1) Kecewa dengan kebijakan pengurus Aspeblam yang menyetujui relokasi ke Jl. Pegadaian. Kelurahan Aur, Kecamatan Medan Maimun, serta mengingkari hasil rapat di Prapat.

2) Anggota menganggap pengurus tidak bertanggung jawab atas ganti rugi terhadap penghancuran 20 kios awal yang diperuntukkan untuk pondasi awal sky bridge.

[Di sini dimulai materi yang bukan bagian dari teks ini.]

(* Suppose $\mathcal{H}$ is a hereditary $3$-graph property and $\mathcal{B}_{\mathcal{H}}$ contains infinitely many pairwise non-isomorphic $3$-graphs. Then there is $C>0$ such that $\epsilon^{-C}\leq M_{\mathcal{H}}(\epsilon)$ for all sufficiently small $\epsilon>0$; moreover, whenever $M^{hom}_{\mathcal H}$ is defined, $M_{\mathcal{H}}(\epsilon)\leq M^{hom}_{\mathcal{H}}(\epsilon^4)$.
   Context: $3$-graphs $H=(V,E)$, $E\subseteq\binom V3$; hereditary $3$-graph properties are classes of finite $3$-graphs closed under isomorphism and induced sub-$3$-graphs. $d_H(X,Y,Z)=|\{(x,y,z)\in X\times Y\times Z:\{x,y,z\}\in E\}|/(|X||Y||Z|)$. A triple is $\epsilon$-regular if $|d_H(X,Y,Z)-d_H(X',Y',Z')|\le\epsilon$ for all $X'\subseteq X,Y'\subseteq Y,Z'\subseteq Z$ of sizes at least $\epsilon|X|,\epsilon|Y|,\epsilon|Z|$; $\epsilon$-homogeneous if $d_H(X,Y,Z)\in[0,\epsilon)\cup(1-\epsilon,1]$. A partition $\mathcal P$ of $V$ is $\epsilon$-regular (resp. homogeneous) if at least $(1-\epsilon)|V|^3$ triples of $V^3$ lie in $X\times Y\times Z$ for an $\epsilon$-regular (resp. $\epsilon$-homogeneous) $(X,Y,Z)\in\mathcal P^3$. $M_{\mathcal H}(\epsilon)$ (resp. $M^{hom}_{\mathcal H}(\epsilon)$) is the least $M$ such that all sufficiently large members of $\mathcal H$ have an $\epsilon$-regular (resp. $\epsilon$-homogeneous) partition with at most $M$ parts; $M^{hom}_{\mathcal H}$ is defined if such $M$ exists for all $\epsilon$. For a $3$-graph $G=(V,E)$, $x\sim_G y$ means: for all $z_1,z_2\in V\setminus\{x,y\}$, $xz_1z_2\in E$ iff $yz_1z_2\in E$ (an equivalence relation); $G$ is irreducible if every $\sim_G$-class has size $1$ or $2$. For a $3$-graph $G=(U,E)$ and $n\ge1$, an $n$-blowup of $G$ is a $3$-graph with vertex set $\bigcup_{u\in U}V_u$, disjoint $|V_u|=n$, in which for distinct $u_1,u_2,u_3$ every triple $\{x_1,x_2,x_3\}$ with $x_i\in V_{u_i}$ is an edge if $u_1u_2u_3\in E$ and is a non-edge otherwise (triples meeting some $V_u$ twice are arbitrary). $\mathcal B_{\mathcal H}$ is the class of irreducible $3$-graphs $G$ such that for every $n\ge1$, some $n$-blowup of $G$ lies in $\mathcal H$. *)

theory Defs
  imports Complex_Main
begin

3) Anggota pedagang buku ingin tetap berjualan di sisi timur Lapangan Merdeka

Kondisi ini di pertegas dengan pernyataan Ibu Isdawati yang mengatakan kecewa terhadap pengurus ASPEBLAM dan tidak ada tanggung jawab dari pengurus untuk mengakomodir suara anggota pedagang buku. Berikut kutipan pernyataan beliau :

“Pengurus selalu mengambil keputusan sendiri, tidak ada kompromi dengan anggota. Pengurus semacam punya ambisi dan membodohi anggota yang lainnya. Seharusnya setiap dia ketemu dengan siapapun kalo mengambil suatu keputusan dan lain-lain mereka tidak berhak mengambil keputusan sendiri harus melalui keputusan anggota kalau sudah keputusan anggota kan berarti keputusan yang akurat ketidakcocokan pemikiran. Karena kita kan organisasi, itu yang membuat kita pecah, karena sebenarnya yang anggota mau bagaimana organisasi ini berjalan dengan prosedur yang ada tanpa ada embel-embel dan maksud tertentu. Karena ada keganjalan-keganjalan dalam organisasi itu maka kami memisahkan diri. Karena kita positif kalau kita lihat (pengurus) keluar jalur kita lebih bagus membangun organisasi yang baru dari hati ke hati bukan dari ambisi. Tidak ada kecocokan pengurus dan anggota lainnya. Dibentuknya P2BLM itu adalah wadah yang betul-betul menjalankan wadah organisasi itu yang sebenarnya. ” (Wawancara, 17 Januari 2015).